She Magazine: Sioux Falls women work together to start a toy lending library
Originally posted 10:44 a.m. CST February 28, 2014, Tabby Soignier, email@example.com
(Photo: Emily Spartz / Argus Leader, Emily Spartz / Argus Leader)
Anelis Coscioni had an idea.
Not a big idea. In fact, it was small enough to fit into a toddler’s hands.
She wondered if it would be possible to create an easily accessible place where parents who can’t afford educational toys could come to check out a box of age-appropriate playthings to both engage and teach their children.
With plenty of research, and community groups behind them, an organization of Sioux Falls women is working to try to establish a toy lending library downtown that would be within easy walking distance for anyone using public transit.
“When you see a need, you find a way to meet that need,” says Coscioni, president of the Soroptimist Club of Sioux Falls. “We have big dreams, but you build on that and make it happen.”

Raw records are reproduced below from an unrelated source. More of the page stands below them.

lemma fundamental_matrix_column:
  assumes "fundamental_matrix c f (of_real lam) F"
  shows "P_sol c f lam (\<lambda>z. F z $ 1 $ j) (\<lambda>z. F z $ 2 $ j)"
  unfolding damped_hill_sol_def
proof
  fix z
  have "(F has_vector_derivative P_matrix c f (of_real lam) z ** F z) (at z)"
    using assms unfolding fundamental_matrix_def by blast
  from has_vector_derivative_vec_nth[OF has_vector_derivative_vec_nth[OF this]]
  show "((\<lambda>z. F z $ 1 $ j) has_vector_derivative F z $ 2 $ j) (at z) \<and>
        ((\<lambda>z. F z $ 2 $ j) has_vector_derivative
           of_real (P_damping c lam) * F z $ 2 $ j - of_real (P_potential c f lam z) * F z $ 1 $ j) (at z)"
    by (metis P_matrix_mult_nth)
qed

definition phase_vector :: "(real \<Rightarrow> complex) \<Rightarrow> (real \<Rightarrow> complex) \<Rightarrow> real \<Rightarrow> complex ^ 2" where
  "phase_vector y y' z = vector [y z, y' z]"

lemma fundamental_matrix_mult_phase_vector:
  assumes F: "fundamental_matrix c f (of_real lam) F" and y: "P_sol c f lam y y'"
  shows "phase_vector y y' z = F z *v phase_vector y y' 0"
proof -
  have "F 0 = mat 1"
    using F unfolding fundamental_matrix_def by blast
  then have init: "F 0 $ 1 $ 1 = 1" "F 0 $ 2 $ 1 = 0" "F 0 $ 1 $ 2 = 0" "F 0 $ 2 $ 2 = 1"
    by (simp_all add: mat_def)
  note combination = damped_hill_sol_eq_combination[OF
      fundamental_matrix_column[OF F, of 1] fundamental_matrix_column[OF F, of 2] init y]
  show ?thesis
    by (simp add: vec_eq_iff forall_2 matrix_vector_mult_def sum_2 phase_vector_def
        combination[of z] mult.commute)
qed

lemma fundamental_matrix_unique:
  assumes F: "fundamental_matrix c f (of_real lam) F" and G: "fundamental_matrix c f (of_real lam) G"
  shows "G = F"
proof
  fix z
  have "G 0 = mat 1"
    using G unfolding fundamental_matrix_def by blast
  note column = fundamental_matrix_mult_phase_vector[OF F fundamental_matrix_column[OF G], of _ z]
  show "G z = F z"
    using column[of 1] column[of 2] \<open>G 0 = mat 1\<close>
    by (simp add: vec_eq_iff forall_2 phase_vector_def matrix_vector_mult_def sum_2 mat_def)
qed

lemma monodromy_eq:
  assumes "fundamental_matrix c f (of_real lam) F"
  shows "monodromy c f T (of_real lam) = F T"
  unfolding monodromy_def using assms fundamental_matrix_unique by blast

lemma det_fundamental_matrix:
  assumes F: "fundamental_matrix c f (of_real lam) F"
  shows "det (F z) = of_real (exp (P_damping c lam * z))"
proof -
  have "F 0 = mat 1"
    using F unfolding fundamental_matrix_def by blast
  with damped_hill_wronskian[OF fundamental_matrix_column[OF F, of 1] fundamental_matrix_column[OF F, of 2], of z]
  show ?thesis
    by (simp add: det_2 mat_def mult.commute)
qed

lemma fundamental_matrix_upper_right_nonzero:
  assumes F: "fundamental_matrix c f (of_real lam) F"
  obtains z where "F z $ 1 $ 2 \<noteq> 0"
proof -
  have "F 0 = mat 1"
    using F unfolding fundamental_matrix_def by blast
  have "((\<lambda>z. F z $ 1 $ 2) has_vector_derivative F 0 $ 2 $ 2) (at 0)"
    using fundamental_matrix_column[OF F, of 2] unfolding damped_hill_sol_def by blast
  then have "\<not> (\<forall>z. F z $ 1 $ 2 = 0)"
    using \<open>F 0 = mat 1\<close> has_vector_derivative_const[of 0 "at 0"]
      vector_derivative_unique_at by (fastforce simp: mat_def)
  then show thesis using that by blast
qed

lemma fundamental_matrix_exists:
  assumes f: "continuous_on UNIV f"
  obtains F where "fundamental_matrix c f (of_real lam) F" "\<And>z i j. F z $ i $ j \<in> \<real>"
proof -
  let ?tau = "P_damping c lam" and ?B = "P_potential c f lam"
  have "isCont (\<lambda>z. - ?B z) x" for x
    using f unfolding P_potential_def by (auto intro!: continuous_intros simp: continuous_on_eq_continuous_at)
  then have "\<exists>u v. u 0 = a \<and> v 0 = b \<and> (\<forall>x. (u has_real_derivative v x) (at x) \<and>
      (v has_real_derivative ?tau * v x + - ?B x * u x) (at x))" for a b
    by (intro linear_second_order_ode_exists) auto
  then obtain u1 v1 u2 v2 where
        init: "u1 0 = 1" "v1 0 = 0" "u2 0 = 0" "v2 0 = 1"
    and sol1: "\<And>x. (u1 has_real_derivative v1 x) (at x) \<and> (v1 has_real_derivative ?tau * v1 x + - ?B x * u1 x) (at x)"
    and sol2: "\<And>x. (u2 has_real_derivative v2 x) (at x) \<and> (v2 has_real_derivative ?tau * v2 x + - ?B x * u2 x) (at x)"
    by metis
  define F :: "real \<Rightarrow> complex^2^2" where
    "F z = (\<chi> i j. of_real (if i = 1 then (if j = 1 then u1 z else u2 z) else (if j = 1 then v1 z else v2 z)))" for z
  have "fundamental_matrix c f (of_real lam) F"
    unfolding fundamental_matrix_def
  proof (intro conjI allI has_vector_derivative_vec)
    show "F 0 = mat 1"
      by (simp add: F_def vec_eq_iff mat_def forall_2 init)
    fix z i j
    show "((\<lambda>z. F z $ i $ j) has_vector_derivative (P_matrix c f (complex_of_real lam) z ** F z) $ i $ j) (at z)"
      using damped_hill_sol_of_real[OF sol1] damped_hill_sol_of_real[OF sol2] exhaust_2[of i] exhaust_2[of j]
      unfolding damped_hill_sol_def by (auto simp: F_def)
  qed
  moreover have "F z $ i $ j \<in> \<real>" for z i j
    by (simp add: F_def)
  ultimately show thesis by (rule that)
qed
lemma beta_primitive_le_average_mobius:
  fixes p q :: real and G :: "real \<Rightarrow> real"
  defines "L \<equiv> p / (p + q + 1)"
  assumes pq: "0 < p" "0 < q" "q \<le> p" and G_cont: "continuous_on {0..1} G"
    and G_deriv: "\<And>x. 0 < x \<Longrightarrow> x < 1 \<Longrightarrow> (G has_real_derivative beta_kernel p q x) (at x)"
  shows "2 * G L \<le> G 0 + G 1"
proof -
  define c where "c = p / (q + 1)"
  have c: "0 < c" using pq by (simp add: c_def)
  have L: "0 < L" "L < 1" using pq by (simp_all add: L_def field_simps)
  define H where "H t = G (mobius_swap c t) + G t" for t
  have "H L \<le> H 0"
  proof (rule DERIV_nonpos_imp_decreasing_open[of 0 L H])
    fix t assume t: "0 < t" "t < L"
    then have t1: "t < 1" using L by simp
    define d where "d = t + c\<^sup>2 * (1 - t)"
    have "(H has_real_derivative beta_kernel p q (mobius_swap c t) * - (c\<^sup>2 / d\<^sup>2) + beta_kernel p q t) (at t)"
      unfolding H_def d_def using mobius_swap_strict_bounds[OF c t(1) t1] t t1
      by (intro DERIV_add DERIV_chain2[OF G_deriv] mobius_swap_has_derivative c G_deriv) auto
    moreover have "beta_kernel p q t \<le> beta_kernel p q (mobius_swap c t) * (c\<^sup>2 / d\<^sup>2)"
      using beta_kernel_mobius_le[OF pq t[unfolded L_def]] by (simp add: c_def d_def)
    ultimately show "\<exists>e. (H has_real_derivative e) (at t) \<and> e \<le> 0" by force
  next
    have "continuous_on {0..L} (mobius_swap c)"
      unfolding mobius_swap_def using mobius_denominator_pos[OF c] L
      by (intro continuous_intros) (metis atLeastAtMost_iff less_irrefl order.trans less_imp_le)
    moreover have "mobius_swap c ` {0..L} \<subseteq> {0..1}"
      using mobius_swap_bounds[OF c] L by auto
    ultimately show "continuous_on {0..L} H"
      unfolding H_def using L
      by (intro continuous_on_add continuous_on_compose2[OF G_cont]) (auto intro: continuous_on_subset[OF G_cont])
  qed (use L in simp)
  moreover have "mobius_swap c L = L"
    unfolding c_def L_def by (rule mobius_fixed_point(3)[OF pq(1,2)])
  ultimately show ?thesis by (simp add: H_def mobius_swap_0[OF c])
qed

lemma beta_primitive_le_average:
  fixes p q :: real and G :: "real \<Rightarrow> real"
  assumes "0 < p" "0 < q" "continuous_on {0..1} G"
    and "\<And>x. 0 < x \<Longrightarrow> x < 1 \<Longrightarrow> (G has_real_derivative beta_kernel p q x) (at x)"
  shows "2 * G (p / (p + q + 1)) \<le> G 0 + G 1"
  using beta_primitive_le_average_reflection[OF _ _ _ assms(3,4)]
    beta_primitive_le_average_mobius[OF _ _ _ assms(3,4)] assms(1,2)
  by (cases "p \<le> q + 1") auto

lemma beta_primitive_ge_average:
  fixes p q :: real and G :: "real \<Rightarrow> real"
  assumes pq: "0 < p" "0 < q" and G_cont: "continuous_on {0..1} G"
    and G_deriv: "\<And>x. 0 < x \<Longrightarrow> x < 1 \<Longrightarrow> (G has_real_derivative beta_kernel p q x) (at x)"
  shows "G 0 + G 1 \<le> 2 * G ((p + 1) / (p + q + 1))"
proof -
  define G' where "G' x = - G (1 - x)" for x
  have "2 * G' (q / (q + p + 1)) \<le> G' 0 + G' 1"
  proof (rule beta_primitive_le_average[OF pq(2,1)])
    show "continuous_on {0..1} G'" unfolding G'_def
      by (intro continuous_on_minus continuous_on_compose2[OF G_cont]) (auto intro!: continuous_intros)
  next
    fix x :: real assume x: "0 < x" "x < 1"
    have "(G' has_real_derivative - (beta_kernel p q (1 - x) * (0 - 1))) (at x)"
      unfolding G'_def using x
      by (intro DERIV_minus DERIV_chain2[OF G_deriv]) (auto intro!: derivative_eq_intros)
    then show "(G' has_real_derivative beta_kernel q p x) (at x)"
      by (simp add: beta_kernel_reflect)
  qed
  moreover have "1 - q / (q + p + 1) = (p + 1) / (p + q + 1)" using pq by (simp add: field_simps)
  ultimately show ?thesis by (simp add: G'_def)
qed

lemma Beta_real_pos: "0 < a \<Longrightarrow> 0 < b \<Longrightarrow> 0 < Beta a (b :: real)"
  by (simp add: Beta_def)

text \<open>For \<open>x < 0\<close> both sides vanish, the interval \<open>{0..x}\<close> being empty.\<close>
lemma beta_cdf_eq_integral:
  fixes a b x :: real
  assumes ab: "1 < a" "1 < b" and x: "x \<le> 1"
  shows "beta_cdf a b x = integral {0..x} (beta_kernel (a - 1) (b - 1)) / Beta a b"
proof -
  define f where "f t = beta_kernel (a - 1) (b - 1) t / Beta a b" for t
  have B: "0 < Beta a b" using ab by (simp add: Beta_real_pos)
  have f_nonneg: "0 \<le> f t" for t using B by (simp add: f_def beta_kernel_nonneg)
  have "continuous_on {0..x} f"
    unfolding f_def using ab x B
    by (intro continuous_on_divide continuous_on_const continuous_on_subset[OF continuous_on_beta_kernel]) auto
  then have f_int: "(f has_integral integral {0..x} f) {0..x}"
    using integrable_continuous_interval has_integral_integral by blast
  have "(\<lambda>t. ennreal (beta_density a b t)) \<in> borel_measurable lborel"
    unfolding beta_density_def by measurable
  then have "emeasure (density lborel (beta_density a b)) {..x}
      = (\<integral>\<^sup>+ t. ennreal (beta_density a b t) * indicator {..x} t \<partial>lborel)"
    by (rule emeasure_density) simp
  also have "\<dots> = (\<integral>\<^sup>+ t. ennreal (indicator {0..x} t * f t) \<partial>lborel)"
  proof (intro nn_integral_cong)
    fix t :: real
    show "ennreal (beta_density a b t) * indicator {..x} t = ennreal (indicator {0..x} t * f t)"
      using ab x by (cases "t = 1") (auto simp: beta_density_def f_def beta_kernel_def indicator_def)
  qed
  also have "\<dots> = ennreal (integral {0..x} f)"
    using f_nonneg f_int by (rule nn_integral_has_integral_lebesgue)
  finally have "beta_cdf a b x = integral {0..x} f"
    using has_integral_nonneg[OF f_int f_nonneg] by (simp add: beta_cdf_def cdf_def measure_def)
  then show ?thesis
    unfolding f_def by simp
qed

lemma quantile_between:
  fixes F :: "real \<Rightarrow> real"
  assumes below: "\<And>x. x < l \<Longrightarrow> F x < y" and above: "y \<le> F u"
  shows "l \<le> quantile F y" "quantile F y \<le> u"
proof -
  have lower: "l \<le> x" if "y \<le> F x" for x
    using below[of x] that by (meson not_le)
  show "l \<le> quantile F y"
    unfolding quantile_def using above lower by (intro cInf_greatest) auto
  show "quantile F y \<le> u"
    unfolding quantile_def using above lower by (intro cInf_lower) (auto simp: bdd_below_def)
qed

lemma beta_median_bounds:
  fixes a b :: real
  assumes ab: "1 < a" "1 < b"
  shows "(a - 1) / (a + b - 1) \<le> quantile (beta_cdf a b) (1/2)"
    and "quantile (beta_cdf a b) (1/2) \<le> a / (a + b - 1)"
proof -
  define p q where "p = a - 1" and "q = b - 1"
  have pq: "0 < p" "0 < q" using ab by (simp_all add: p_def q_def)
  define B where "B = Beta a b"
  have B: "0 < B" using ab by (simp add: B_def Beta_real_pos)
  define G where "G x = integral {0..x} (beta_kernel p q)" for x
  have F_eq: "beta_cdf a b x = G x / B" if "x \<le> 1" for x
    using beta_cdf_eq_integral[OF ab that] by (simp add: G_def B_def p_def q_def)
  have G_deriv_within: "(G has_real_derivative beta_kernel p q x) (at x within {0..1})"
    if "x \<in> {0..1}" for x
    unfolding G_def by (rule integral_has_real_derivative[OF continuous_on_beta_kernel[OF pq] that])
  then have G_cont: "continuous_on {0..1} G"
    by (meson DERIV_continuous continuous_on_eq_continuous_within)
  have G_deriv: "(G has_real_derivative beta_kernel p q x) (at x)" if "0 < x" "x < 1" for x
    using G_deriv_within[of x] that by (simp add: at_within_Icc_at)
  have G_0: "G 0 = 0" by (simp add: G_def)
  have G_1: "G 1 = B"
    using has_integral_Beta_real[of a b] ab
    by (simp add: G_def B_def p_def q_def beta_kernel_def[abs_def] integral_unique)
  define L U where "L = (a - 1) / (a + b - 1)" and "U = a / (a + b - 1)"
  have L: "0 < L" "L < 1" and U: "U \<le> 1" using ab by (simp_all add: L_def U_def field_simps)
  have "2 * G L \<le> G 0 + G 1"
    using beta_primitive_le_average[OF pq G_cont G_deriv] by (simp add: L_def p_def q_def)
  then have F_L: "beta_cdf a b L \<le> 1/2" using B L F_eq[of L] by (simp add: G_0 G_1 pos_divide_le_eq)
  have "G 0 + G 1 \<le> 2 * G U"
    using beta_primitive_ge_average[OF pq G_cont G_deriv] by (simp add: U_def p_def q_def)
  then have F_U: "1/2 \<le> beta_cdf a b U" using B U F_eq[of U] by (simp add: G_0 G_1 pos_le_divide_eq)
  have below: "beta_cdf a b x < 1/2" if x: "x < L" for x
  proof (cases "x < 0")
    case True
    then show ?thesis using F_eq[of x] L x by (simp add: G_def)
  next
    case False
    have "G x < G L"
    proof (rule DERIV_pos_imp_increasing_open[OF x])
      fix y assume "x < y" "y < L"
      then show "\<exists>d. (G has_real_derivative d) (at y) \<and> 0 < d"
        using False L G_deriv beta_kernel_pos by (meson le_less_trans not_le order.strict_trans)
    qed (use False L in \<open>auto intro: continuous_on_subset[OF G_cont]\<close>)
    then show ?thesis using F_eq[of x] F_eq[of L] F_L B L x by (simp add: divide_strict_right_mono)
  qed
  then show "(a - 1) / (a + b - 1) \<le> quantile (beta_cdf a b) (1/2)"
    and "quantile (beta_cdf a b) (1/2) \<le> a / (a + b - 1)"
    using quantile_between[of L "beta_cdf a b", OF below F_U] unfolding L_def U_def by auto
qed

Local members of the Soroptimist Club, a national organization that works to improve the lives of women and girls, are working to form a 501 c3 nonprofit organization that will put toys in the hands of those who need it most. The Sioux Falls group of women is small, with fewer than 20 members, but has been active in the city since 1940.
So far, there is space set aside for their library and the support of educators and those who work with families in need. Their next step is to find volunteers who will help them put their ideas into action and to come up with ways to purchase toys.
It’s a lofty project, but one that they hope the Sioux Falls community will reach out to use and support, says Lisa VandeVoort, a longtime club member who is working on the task force for the toy library.
“It’s exciting to be part of something that could benefit so many people,” VandeVoort says. “We’re looking for a way to really improve the lives of others.”
The idea of the Sioux Falls toy library came to Coscioni as she watched her own toddler daughter play. It seemed like the little girl was constantly “outgrowing” the toys that would stimulate her brain or teach her new skills.
Contacting people involved with the Sioux Falls School District, the full-time volunteer learned that educators who work with low-income families often noted that many children just didn’t have good, age appropriate toys. Many of those families live in the central part of the city and have limited access to transportation.
“It seemed like a simple idea, but then you dig a little and it’s not quite so simple,” says Coscioni, with a smile. “We kept working on it. We’re stubborn.”
Coscioni contacted CHILD Services at Sanford Health, which agreed to offer assistance to get the toy library set up and functional. Officials at Killian Community College have offered a room that can be used. The group hopes to make available for checkout about 200 toys in marked, clear boxes on the shelves.
And the Main Branch of the Siouxland Libraries has also agreed to take part in the project, too, checking out about 20 kits of toys each month to library patrons. Those downtown library patrons will be able to check out toys using their regular library cards.
Karen Wiechmann, youth services librarian at Siouxland Libraries, says the project fits in well with the library’s mission to serve young kids. Their early literacy focus is called, “Read and Play,” she says.
When parents play with young children with educational toys, it helps children learn fine-motor skills and literacy skills, she says. It’s part of helping them become future readers.
“We were really pleased when they approached us. We really welcome ideas like this,” says Wiechmann. “We really like to partner with the community.”
Coscioni said the group has researched ways to track and check out the toys. They hope to find volunteers to help run the library and do everything that needs to be done: organizing the library, cleaning toys, assisting families in selecting the right toys for their children and supervising checkouts and returns.
Carol Shuckart, one of the women helping start the project, says the group is grateful to have a way to help young children learn. And they hope to find more people who can help them form a board to oversee the toy library and to apply for grants and raise funds needed to keep the library active.
“Everyone we talk to has been positive about the project,” says the retired interior designer and club member. “We want to partner with other people, other groups. When we work together, there’s so much more we all can do.”